Completion now validates the attempt count before deleting the message and releasing the channel's concurrency slot:

CREATE FUNCTION message_complete (
    p_id BIGINT,
    p_num_attempts BIGINT
) RETURNS VOID AS $$
DECLARE
    v_channel RECORD;
    v_message RECORD;
BEGIN
    SELECT "id", "channel_id", "num_attempts", "unlock_at"
    FROM "message"
    WHERE "id" = p_id
    FOR UPDATE
    INTO v_message;

    IF v_message."id" IS NULL THEN
        RAISE EXCEPTION 'message does not exist';
    END IF;

    IF v_message."unlock_at" IS NULL OR v_message."num_attempts" <> p_num_attempts THEN
        RAISE EXCEPTION 'message state is no longer valid';
    END IF;

    SELECT "id" FROM "channel"
    WHERE "id" = v_message."channel_id"
    FOR UPDATE
    INTO v_channel;

    IF v_channel."id" IS NULL THEN
        RAISE EXCEPTION 'channel does not exist';
    END IF;

    UPDATE "channel" SET
        "current_concurrency" = "current_concurrency" - 1
    WHERE "id" = v_channel."id";

    DELETE FROM "message"
    WHERE "id" = v_message."id";
END;
$$ LANGUAGE plpgsql

And deferral does the same validation, but keeps the message row alive, removes its lock, releases the concurrency slot, and schedules it for later:

CREATE FUNCTION message_defer (
    p_id BIGINT,
    p_num_attempts BIGINT,
    p_dequeue_at TIMESTAMPTZ,
    p_state BYTEA DEFAULT NULL
) RETURNS VOID AS $$
DECLARE
    v_dequeue_at BIGINT;
    v_channel RECORD;
    v_message RECORD;
BEGIN
    v_dequeue_at := CASE
        WHEN p_dequeue_at IS NULL
        THEN to_epoch(NOW())
        ELSE to_epoch(p_dequeue_at)
    END;

    SELECT "id", "channel_id", "num_attempts", "unlock_at"
    FROM "message"
    WHERE "id" = p_id
    FOR UPDATE
    INTO v_message;

    IF v_message."id" IS NULL THEN
        RAISE EXCEPTION 'message does not exist';
    END IF;

    IF v_message."unlock_at" IS NULL OR v_message."num_attempts" <> p_num_attempts THEN
        RAISE EXCEPTION 'message state is no longer valid';
    END IF;

    SELECT
        "id",
        "head_message_id",
        "head_message_dequeue_at",
        "last_dequeue_at",
        "next_dequeue_at",
        "release_interval_ms",
        "current_concurrency"
    FROM "channel"
    WHERE "id" = v_message."channel_id"
    FOR UPDATE
    INTO v_channel;

    IF v_channel."id" IS NULL THEN
        RAISE EXCEPTION 'channel does not exist';
    END IF;

    UPDATE "message" SET
        "unlock_at" = NULL,
        "state" = COALESCE(p_state, "state"),
        "dequeue_at" = v_dequeue_at
    WHERE "id" = v_message."id";

    IF
        v_channel."head_message_id" IS NULL OR
        v_dequeue_at < v_channel."head_message_dequeue_at"
    THEN
        UPDATE "channel" SET
            "current_concurrency" = v_channel."current_concurrency" - 1,
            "head_message_id" = v_message."id",
            "head_message_dequeue_at" = v_dequeue_at,
            "next_dequeue_at" = GREATEST(
                v_dequeue_at,
                v_channel."last_dequeue_at" + v_channel."release_interval_ms"
            )
        WHERE "id" = v_channel."id";
    ELSE
        UPDATE "channel" SET
            "current_concurrency" = v_channel."current_concurrency" - 1
        WHERE "id" = v_channel."id";
    END IF;
END;
$$ LANGUAGE plpgsql

Intermediate state

Adding state to the message gives us a useful free win: message_defer can optionally save the worker's latest progress before releasing the lock and re-scheduling the message.

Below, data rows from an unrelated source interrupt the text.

lemma le_exp_mult_if_ln_div_greater:
  fixes a b r :: real
  assumes "0 < a" "0 < b" "0 < n" "r < ln (a / b) / real n"
  shows "b \<le> exp (- (real n * r)) * a"
proof -
  have "ln (b / a) / real n < - r"
    using assms by (simp add: ln_div divide_minus_left[symmetric] field_simps)
  then have "b \<le> exp (real n * - r) * a"
    by (rule le_exp_mult_if_ln_div_less[OF assms(2,1,3)])
  then show ?thesis
    by simp
qed

locale likelihood_ratio_pair =
  fixes \<nu> :: "'z measure" and g :: "nat \<Rightarrow> 'a \<Rightarrow> 'z \<Rightarrow> real" and astar ahat :: 'a
  assumes g_measurable [measurable]: "g n astar \<in> borel_measurable \<nu>" "g n ahat \<in> borel_measurable \<nu>"
    and g_nonneg: "z \<in> space \<nu> \<Longrightarrow> 0 \<le> g n astar z" "z \<in> space \<nu> \<Longrightarrow> 0 \<le> g n ahat z"
    and prob_space_astar: "prob_space (mu \<nu> g n astar)"
    and prob_space_ahat: "prob_space (mu \<nu> g n ahat)"
    and AE_pos_astar: "AE z in mu \<nu> g n astar. 0 < g n astar z \<and> 0 < g n ahat z"
    and AE_pos_ahat: "AE z in mu \<nu> g n ahat. 0 < g n astar z \<and> 0 < g n ahat z"
begin

abbreviation llr :: "nat \<Rightarrow> 'z \<Rightarrow> real" where
  "llr n \<equiv> LLR g astar n ahat"

lemma llr_measurable [measurable]: "llr n \<in> borel_measurable \<nu>"
  unfolding LLR_def by measurable

lemma AE_pos_astar_imp_pos_ahat: "AE z in \<nu>. 0 < g n astar z \<longrightarrow> 0 < g n ahat z"
  using AE_pos_astar[of n] unfolding mu_def by (subst (asm) AE_density) (auto elim: AE_mp)

lemma AE_pos_ahat_imp_pos_astar: "AE z in \<nu>. 0 < g n ahat z \<longrightarrow> 0 < g n astar z"
  using AE_pos_ahat[of n] unfolding mu_def by (subst (asm) AE_density) (auto elim: AE_mp)

lemma integral_mu_astar_le_if_llr_less:
  assumes [measurable]: "h \<in> borel_measurable \<nu>"
    and h_nonneg: "\<And>z. z \<in> space \<nu> \<Longrightarrow> 0 \<le> h z" and h_bounded: "\<And>z. z \<in> space \<nu> \<Longrightarrow> h z \<le> B"
    and support: "\<And>z. z \<in> space \<nu> \<Longrightarrow> h z \<noteq> 0 \<Longrightarrow> llr n z < r" and "0 < n"
  shows "(\<integral>z. h z \<partial>mu \<nu> g n astar) \<le> exp (real n * r) * (\<integral>z. h z \<partial>mu \<nu> g n ahat)"
  unfolding mu_def
proof (rule integral_density_le_scaled)
  show "AE z in \<nu>. g n astar z * h z \<le> exp (real n * r) * (g n ahat z * h z)"
    using AE_pos_astar_imp_pos_ahat[of n] AE_space
  proof eventually_elim
    case (elim z)
    show ?case
    proof (cases "h z \<noteq> 0 \<and> 0 < g n astar z")
      case True
      then have "g n astar z \<le> exp (real n * r) * g n ahat z"
        using elim support \<open>0 < n\<close> by (intro le_exp_mult_if_ln_div_less) (auto simp: LLR_def)
      then show ?thesis
        using h_nonneg[of z] elim by (simp add: mult_right_mono mult.assoc[symmetric])
    next
      case False
      then show ?thesis
        using h_nonneg[of z] g_nonneg[of z n] elim by auto
    qed
  qed
qed (use g_nonneg prob_space_astar prob_space_ahat h_nonneg h_bounded in
      \<open>auto simp: mu_def prob_space_def\<close>)

lemma integral_mu_ahat_le_if_llr_greater:
  assumes [measurable]: "h \<in> borel_measurable \<nu>"
    and h_nonneg: "\<And>z. z \<in> space \<nu> \<Longrightarrow> 0 \<le> h z" and h_bounded: "\<And>z. z \<in> space \<nu> \<Longrightarrow> h z \<le> B"
    and support: "\<And>z. z \<in> space \<nu> \<Longrightarrow> h z \<noteq> 0 \<Longrightarrow> r < llr n z" and "0 < n"
  shows "(\<integral>z. h z \<partial>mu \<nu> g n ahat) \<le> exp (- (real n * r)) * (\<integral>z. h z \<partial>mu \<nu> g n astar)"
  unfolding mu_def
proof (rule integral_density_le_scaled)
  show "AE z in \<nu>. g n ahat z * h z \<le> exp (- (real n * r)) * (g n astar z * h z)"
    using AE_pos_ahat_imp_pos_astar[of n] AE_space
  proof eventually_elim
    case (elim z)
    show ?case
    proof (cases "h z \<noteq> 0 \<and> 0 < g n ahat z")
      case True
      then have "g n ahat z \<le> exp (- (real n * r)) * g n astar z"
        using elim support \<open>0 < n\<close> by (intro le_exp_mult_if_ln_div_greater) (auto simp: LLR_def)
      then show ?thesis
        using h_nonneg[of z] elim by (simp add: mult_right_mono mult.assoc[symmetric])
    next
      case False
      then show ?thesis
        using h_nonneg[of z] g_nonneg[of z n] elim by auto
    qed
  qed
qed (use g_nonneg prob_space_astar prob_space_ahat h_nonneg h_bounded in
      \<open>auto simp: mu_def prob_space_def\<close>)

lemma measure_mu_astar_llr_le:
  assumes "B \<in> sets borel" "B \<subseteq> {..<r}" "0 < n"
  shows "measure (mu \<nu> g n astar) {z \<in> space \<nu>. llr n z \<in> B} \<le> exp (real n * r)"
proof -
  let ?S = "{z \<in> space \<nu>. llr n z \<in> B}"
  have [measurable]: "?S \<in> sets \<nu>"
    using assms(1) by measurable
  have "measure (mu \<nu> g n astar) ?S = (\<integral>z. indicator ?S z \<partial>mu \<nu> g n astar)"
    by simp
  also have "\<dots> \<le> exp (real n * r) * (\<integral>z. indicator ?S z \<partial>mu \<nu> g n ahat)"
    using assms(2,3) by (intro integral_mu_astar_le_if_llr_less[where B = 1]) (auto simp: indicator_def)
  also have "\<dots> \<le> exp (real n * r)"
    using prob_space.prob_le_1[OF prob_space_ahat] by simp
  finally show ?thesis .
qed
lemma zeta_eps_nonzero: "\<zeta> + \<epsilon> \<noteq> 0" "\<zeta> - \<epsilon> \<noteq> 0"
proof -
  have "\<zeta> + \<epsilon> = \<zeta> * cnj (1 - \<epsilon>*\<zeta>)" "\<zeta> - \<epsilon> = \<zeta> * cnj (1 + \<epsilon>*\<zeta>)"
    using zeta_nonzero by (simp_all add: cnj_eps cnj_zeta algebra_simps)
  with one_eps_zeta_nonzero zeta_nonzero show "\<zeta> + \<epsilon> \<noteq> 0" "\<zeta> - \<epsilon> \<noteq> 0"
    by (metis mult_eq_0_iff complex_cnj_zero_iff)+
qed

lemma mtmE_eq: "mtmE h d th k t = ((1 - \<epsilon>*\<zeta>) / (1 + \<epsilon>*\<zeta>)) powi k * exp (of_real t * \<kappa>)"
proof -
  have num_den: "2 - \<i> * of_real h * of_real (d^2) * exp (\<i> * of_real th) = 2 * (1 - \<epsilon>*\<zeta>)"
    "2 + \<i> * of_real h * of_real (d^2) * exp (\<i> * of_real th) = 2 * (1 + \<epsilon>*\<zeta>)"
    by (simp_all add: \<epsilon>_def \<zeta>_def algebra_simps)
  have "(2 - \<i> * of_real h * of_real (d^2) * exp (\<i> * of_real th)) /
      (2 + \<i> * of_real h * of_real (d^2) * exp (\<i> * of_real th)) = (1 - \<epsilon>*\<zeta>) / (1 + \<epsilon>*\<zeta>)"
    unfolding num_den by (rule mult_divide_mult_cancel_left) simp
  moreover have "\<i> / 2 * of_real ((d^2 + 1 / d^2) * cos th * t) - of_real (1/2 * (d^2 - 1 / d^2) * sin th * t)
      = of_real t * \<kappa>"
    using d_pos zeta_nonzero by (simp add: \<kappa>_def sin_th_eq cos_th_eq field_simps)
  ultimately show ?thesis unfolding mtmE_def by simp
qed

lemma mtmE_nonzero: "mtmE h d th k t \<noteq> 0"
  using one_eps_zeta_nonzero by (simp add: mtmE_eq)

lemma P_nonzero: "P k t \<noteq> 0" and G_nonzero: "G k t \<noteq> 0"
  using a_nonzero b_nonzero mtmE_nonzero by (simp_all add: P_def G_def)

lemma cnj_P: "cnj (P k t) = \<mu> / G k t" and cnj_G: "cnj (G k t) = \<mu> / P k t"
  using a_nonzero b_nonzero mtmE_nonzero by (simp_all add: P_def G_def \<mu>_def field_simps)

lemma mtmE_succ: "mtmE h d th (k+1) t = (1 - \<epsilon>*\<zeta>) / (1 + \<epsilon>*\<zeta>) * mtmE h d th k t"
  using one_eps_zeta_nonzero by (simp add: mtmE_eq power_int_add)

lemma P_succ: "P (k+1) t = P k t * (1 + \<epsilon>*\<zeta>) / (1 - \<epsilon>*\<zeta>)"
  unfolding P_def mtmE_succ using one_eps_zeta_nonzero by (simp add: field_simps)
text \<open>If \<open>\<sigma> \<le> D\<close> with \<open>D\<close> diagonal of trace \<open>T\<close>, then for every \<open>s > T - 1\<close> the mixture
  \<open>(\<sigma> + s \<tau>)/(1 + s)\<close> equals \<open>D/T\<close> for the state \<open>\<tau> = c D + (D - \<sigma>)/s\<close> with
  \<open>c = ((1 + s)/T - 1)/s \<ge> 0\<close>.\<close>

lemma mixture_witness_eq:
  assumes D: "D \<in> carrier_mat n n" and \<sigma>: "\<sigma> \<in> carrier_mat n n" and s: "0 < s" and T: "0 < T"
  defines "c \<equiv> ((1 + s) / T - 1) / s"
  shows "complex_of_real (1 / (1 + s)) \<cdot>\<^sub>m (\<sigma> + complex_of_real s \<cdot>\<^sub>m
      (complex_of_real c \<cdot>\<^sub>m D + complex_of_real (1 / s) \<cdot>\<^sub>m (D - \<sigma>))) = complex_of_real (1 / T) \<cdot>\<^sub>m D"
proof (rule eq_matI)
  fix a b assume "a < dim_row (complex_of_real (1 / T) \<cdot>\<^sub>m D)" "b < dim_col (complex_of_real (1 / T) \<cdot>\<^sub>m D)"
  hence ab: "a < n" "b < n" using D by auto
  have "complex_of_real (1 / (1 + s)) * (\<sigma> $$ (a, b) + complex_of_real s *
      (complex_of_real c * D $$ (a, b) + complex_of_real (1 / s) * (D $$ (a, b) - \<sigma> $$ (a, b))))
      = complex_of_real (1 / (1 + s)) * complex_of_real (s * c + 1) * D $$ (a, b)"
    using s by (simp add: algebra_simps)
  also have "\<dots> = complex_of_real ((s * c + 1) / (1 + s)) * D $$ (a, b)"
    unfolding of_real_mult[symmetric] by simp
  also have "s * c + 1 = (1 + s) / T" unfolding c_def using s by simp
  also have "(1 + s) / T / (1 + s) = 1 / T" using s by simp
  finally show "(complex_of_real (1 / (1 + s)) \<cdot>\<^sub>m (\<sigma> + complex_of_real s \<cdot>\<^sub>m
      (complex_of_real c \<cdot>\<^sub>m D + complex_of_real (1 / s) \<cdot>\<^sub>m (D - \<sigma>)))) $$ (a, b)
      = (complex_of_real (1 / T) \<cdot>\<^sub>m D) $$ (a, b)"
    using ab D \<sigma> by simp
qed (use D \<sigma> in auto)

For costly processing tasks, this means a transient error does not necessarily force us to start from scratch. The next dequeue receives both the original content and the latest state, giving the worker enough context to resume from a known checkpoint.

This can also be used to build cooperative message processors within a concurrency-constrained channel. A long-running task can do a bounded amount of work, save its progress into state, then defer itself so another message from the same channel has an opportunity to run. In effect, the queue can support tasks that voluntarily yield without giving up durability, retry accounting, or per-channel fairness.

Repeating / Periodic messages

Most message queues offer some sort of explicit mechanism for scheduling periodic or repeating messages. Similar to priority, LonnyMQ does not provide a dedicated primitive for this, but it can still support the feature using the mechanisms we have already built.

The trick is to construct a message that never completes. Every time it is processed, the worker enqueues a separate task message containing the actual work to be done, then defers the repeating message for some point in the future. Because the repeating message is never completed, and because our durability mechanisms preserve locked and deferred messages across crashes, the schedule-driving message will never be lost.